Scott Nelson's core argument is simple but easy to miss: we're not just getting too much light—we're getting the wrong kind. That 93% indoors statistic isn't a curiosity. It's a description of a species that evolved under a full-spectrum light environment now living almost entirely under narrow-spectrum artificial light. Blue and white light all day, then more blue and white light from screens in the evening. The red and near-infrared wavelengths that dominated sunrise and sunset for most of human history? Largely absent.

Red light therapy is essentially supplementation for a deficiency most of us don't know we have.

What the Research Actually Shows

The photobiomodulation research is more robust than most people realize. The mechanism is specific: red and near-infrared wavelengths in the 630-850 nanometer range are absorbed by cytochrome c oxidase, a protein in the mitochondrial electron transport chain. This absorption upregulates ATP production—cellular energy output. From there, effects cascade: reduced oxidative stress, increased collagen synthesis, modulated inflammation.

Where the evidence is strongest: wound healing, skin rejuvenation, localized pain relief, and reducing inflammation markers.
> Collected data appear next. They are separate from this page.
(* Let $m\ge2$, $n\ge1$, let $G_m=BS(1,m)=\langle a,t\mid tat^{-1}=a^m\rangle$ and let $A_m$ be the normal subgroup of $G_m$ generated by $a$ (so $G_m=A_m\rtimes\langle t\rangle$ with $A_m\cong\mathbb Z[1/m]$). (1) If $\rho:G_m\to T_n(\mathbb Z[1/m])$ is a special representation, then $\rho^{-1}(U_n(\mathbb Z[1/m]))=A_m$. (2) If $m$ is even, then every injective homomorphism $\rho:G_m\to T_n(\mathbb Z[1/m])$ is a special representation.
   Context: $T_n(\mathbb Z[1/m])$ is the group of invertible upper triangular $n\times n$ matrices over $\mathbb Z[1/m]$ (i.e. upper triangular with diagonal entries in $(\mathbb Z[1/m])^\times$), and $U_n(\mathbb Z[1/m])$ is its subgroup of matrices with all diagonal entries $1$. A special representation of $G_m$ is an injective homomorphism $\rho:G_m\to T_n(\mathbb Z[1/m])$ with $\rho(A_m)\subseteq U_n(\mathbb Z[1/m])$. *)

theory Defs
  imports "HOL-Algebra.Generated_Groups" "Jordan_Normal_Form.Matrix"
begin

definition Zinv :: "nat \<Rightarrow> rat set" where
  "Zinv m = {q. \<exists>z::int. \<exists>k::nat. q = of_int z / (of_nat m) ^ k}"

text \<open>Concrete model of BS(1,m) = Z[1/m] \<rtimes> Z: the pair (b,k) is the affine map
  x \<mapsto> m^k x + b; a = (1,0), t = (0,1), and t a t^-1 = a^m.\<close>
definition BS :: "nat \<Rightarrow> (rat \<times> int) monoid" where
  "BS m = \<lparr> carrier = Zinv m \<times> UNIV,
            Group.monoid.mult = (\<lambda>x y. (fst x + (of_nat m) powi (snd x) * fst y, snd x + snd y)),
            Group.monoid.one = (0, 0) \<rparr>"

definition gen_a :: "rat \<times> int" where "gen_a = (1, 0)"
definition gen_t :: "rat \<times> int" where "gen_t = (0, 1)"

definition A_sub :: "nat \<Rightarrow> (rat \<times> int) set" where
  "A_sub m = generate (BS m) {g \<otimes>\<^bsub>BS m\<^esub> gen_a \<otimes>\<^bsub>BS m\<^esub> inv\<^bsub>BS m\<^esub> g | g. g \<in> carrier (BS m)}"

definition T_mat :: "nat \<Rightarrow> nat \<Rightarrow> rat mat set" where
  "T_mat n m = {M. M \<in> carrier_mat n n
      \<and> (\<forall>i<n. \<forall>j<n. M $$ (i,j) \<in> Zinv m)
      \<and> (\<forall>i<n. \<forall>j<n. j < i \<longrightarrow> M $$ (i,j) = 0)
      \<and> (\<forall>i<n. M $$ (i,i) \<noteq> 0 \<and> inverse (M $$ (i,i)) \<in> Zinv m)}"

definition U_mat :: "nat \<Rightarrow> nat \<Rightarrow> rat mat set" where
  "U_mat n m = {M. M \<in> T_mat n m \<and> (\<forall>i<n. M $$ (i,i) = 1)}"

definition inj_rep :: "nat \<Rightarrow> nat \<Rightarrow> (rat \<times> int \<Rightarrow> rat mat) \<Rightarrow> bool" where
  "inj_rep m n \<rho> \<longleftrightarrow>
     (\<forall>g \<in> carrier (BS m). \<rho> g \<in> T_mat n m)
   \<and> (\<forall>g \<in> carrier (BS m). \<forall>h \<in> carrier (BS m). \<rho> (g \<otimes>\<^bsub>BS m\<^esub> h) = \<rho> g * \<rho> h)
   \<and> inj_on \<rho> (carrier (BS m))"

definition special_rep :: "nat \<Rightarrow> nat \<Rightarrow> (rat \<times> int \<Rightarrow> rat mat) \<Rightarrow> bool" where
  "special_rep m n \<rho> \<longleftrightarrow> inj_rep m n \<rho> \<and> \<rho> ` A_sub m \<subseteq> U_mat n m"

end

theory Submission
  imports Defs
begin

text \<open>Write a = (1,0) and t = (0,1); the relation t^k a t^-k = a^(m^k) holds in every
  representation. (1) If an element with t-exponent k \<noteq> 0 maps to a unitriangular matrix,
  so does the image V of t^k. Conjugation by V does not change a unitriangular matrix on its
  first superdiagonal that differs from the identity, while on that superdiagonal the power
  \<rho>(a)^(m^|k|) is m^|k| times \<rho>(a); so \<rho>(a) = 1, contradicting injectivity.
  (2) Each diagonal entry of \<rho> is a character into the nonzero rationals. Its value x on a
  satisfies x^(m-1) = 1 with m - 1 odd, hence x = 1, and the character is trivial on the
  normal closure A_m of a.\<close>

lemma Zinv_of_int [simp]: "of_int z \<in> Zinv m"
  unfolding Zinv_def by (rule CollectI, rule exI[of _ z], rule exI[of _ 0]) simp

lemma Zinv_zero [simp]: "0 \<in> Zinv m"
  and Zinv_one [simp]: "1 \<in> Zinv m"
  and Zinv_of_nat [simp]: "of_nat j \<in> Zinv m"
  using Zinv_of_int[of 0 m] Zinv_of_int[of 1 m] Zinv_of_int[of "int j" m] by simp_all

lemma Zinv_add: assumes "m > 0" "a \<in> Zinv m" "b \<in> Zinv m" shows "a + b \<in> Zinv m"
proof -
  obtain z k w l where a: "a = of_int z / of_nat m ^ k" and b: "b = of_int w / of_nat m ^ l"
    using assms unfolding Zinv_def by blast
  have "a + b = of_int (z * int m ^ l + w * int m ^ k) / of_nat m ^ (k + l)"
    using assms(1) by (simp add: a b field_simps power_add)
  thus ?thesis unfolding Zinv_def by blast
qed

lemma Zinv_mult: assumes "m > 0" "a \<in> Zinv m" "b \<in> Zinv m" shows "a * b \<in> Zinv m"
proof -
  obtain z k w l where a: "a = of_int z / of_nat m ^ k" and b: "b = of_int w / of_nat m ^ l"
    using assms unfolding Zinv_def by blast
  have "a * b = of_int (z * w) / of_nat m ^ (k + l)"
    using assms(1) by (simp add: a b field_simps power_add)
  thus ?thesis unfolding Zinv_def by blast
qed

lemma Zinv_uminus: assumes "a \<in> Zinv m" shows "- a \<in> Zinv m"
proof -
  obtain z k where "a = of_int z / of_nat m ^ k"
    using assms unfolding Zinv_def by blast
  then have "- a = of_int (- z) / of_nat m ^ k" by simp
  thus ?thesis unfolding Zinv_def by blast
qed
Where it's more variable: the athletic performance claims depend heavily on timing, duration, and wavelength specificity. Not all red light devices are equal. Consumer devices often underdeliver on the irradiance levels used in clinical studies.
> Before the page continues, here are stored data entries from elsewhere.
(* The code is MDS.  A nonzero codeword of weight at most 4 is orthogonal to the evaluation
   vector of every cubic, and the cubic vanishing on all but one finite support point gives a
   contradiction; so the minimum distance is 5.  Conversely, by a divided-difference identity
   every 5 coordinates carry a codeword, so any q - 3 coordinates can be prescribed freely.
   Hence, for j <= q - 3 and a j-set J, a coset has exactly as many vectors vanishing on J as
   the code itself.  Double counting turns this into: sum_w C(q + 1 - w, j) B_w(V) does not
   depend on V.  This triangular system determines B_w for w >= 4 from B_0, ..., B_3, and
   B_0, B_1, B_2 are fixed by the coset weight because the minimum distance is 5. *)

lemma hamming_wt_le_card: "hamming_wt (x :: 'b::finite \<Rightarrow> 'a::zero) \<le> card (UNIV :: 'b set)"
  unfolding hamming_wt_def by (rule card_mono) auto

lemma card_zeros_eq: "card {p. (x :: 'b::finite \<Rightarrow> 'a::zero) p = 0} = card (UNIV :: 'b set) - hamming_wt x"
proof -
  have "{p. x p = 0} = UNIV - {p. x p \<noteq> 0}" by auto
  then show ?thesis unfolding hamming_wt_def by (simp add: card_Diff_subset)
qed

lemma hamming_wt_diff_le:
  "hamming_wt (\<lambda>p::'b::finite. (x p :: 'a::ab_group_add) - y p) \<le> hamming_wt x + hamming_wt y"
proof -
  have "card {p. x p - y p \<noteq> 0} \<le> card ({p. x p \<noteq> 0} \<union> {p. y p \<noteq> 0})"
    by (intro card_mono) auto
  also have "\<dots> \<le> card {p. x p \<noteq> 0} + card {p. y p \<noteq> 0}" by (rule card_Un_le)
  finally show ?thesis unfolding hamming_wt_def .
qed

lemma B_count_eq_0:
  assumes "card (UNIV :: 'b set) < w"
  shows "B_count w (V :: ('b::finite \<Rightarrow> 'a::zero) set) = 0"
proof -
  have "hamming_wt x \<noteq> w" for x :: "'b \<Rightarrow> 'a"
    using hamming_wt_le_card[of x] assms by linarith
  then show ?thesis by (simp add: B_count_def)
qed

lemma sum_hamming_wt_eq_sum_B_count:
  fixes V :: "('b::finite \<Rightarrow> 'a::zero) set"
  assumes "finite V"
  shows "(\<Sum>x\<in>V. f (hamming_wt x)) = (\<Sum>w\<le>card (UNIV :: 'b set). f w * B_count w V)"
proof -
  have "(\<Sum>x\<in>V. f (hamming_wt x))
      = (\<Sum>w\<le>card (UNIV :: 'b set). \<Sum>x\<in>{x\<in>V. hamming_wt x = w}. f (hamming_wt x))"
    using assms by (intro sum.group[symmetric]) (auto simp: hamming_wt_le_card)
  also have "\<dots> = (\<Sum>w\<le>card (UNIV :: 'b set). f w * B_count w V)"
    by (simp add: B_count_def mult.commute)
  finally show ?thesis .
qed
Light is information. Every wavelength signals something different to your biology—and most of us have been sending the wrong signals for decades.
— Wim

The Melatonin Connection Is the Interesting One

Nelson mentions that red light helps the body produce more melatonin. This is where I'd point people toward the circadian biology research that runs through our entire knowledge base. Evening red light exposure doesn't suppress melatonin the way blue light does. It may actually support the pineal gland's natural melatonin ramp-up. This creates a practical pairing: red light therapy in the evening as both a recovery tool and a sleep preparation ritual.

It connects directly to the temperature research too. Your core body temperature drops naturally in the evening to signal sleep onset. Sauna use in the evening works partly through this same mechanism—you heat up, then cool down, amplifying the drop. Red light doesn't produce that thermal cascade, but it complements the circadian wind-down through a different pathway. Two tools, different mechanisms, reinforcing the same biological signal.

My Practical Recommendation

Morning or evening use, 10-20 minutes, at a distance of 6-12 inches from the device. Morning sessions have energizing effects through ATP upregulation. Evening sessions support recovery and sleep. Don't use it at midday and expect circadian benefits—timing is the difference between a useful tool and an expensive lamp.

If you're already doing sauna or cold exposure, think about where red light fits in the sequence. Post-cold, when circulation is returning to the surface, is a particularly interesting window for photobiomodulation. The mechanisms stack rather than cancel.

The Surprising Part

We talk constantly about hormesis—the principle that controlled stressors build resilience. Heat. Cold. Exercise. Fasting. Red light works differently. It's not primarily a stressor. It's a signal that says "optimize." Same mitochondria, different message. Understanding that distinction changes how you think about where it fits in a recovery protocol. You don't need to earn it. You just need to be consistent with it.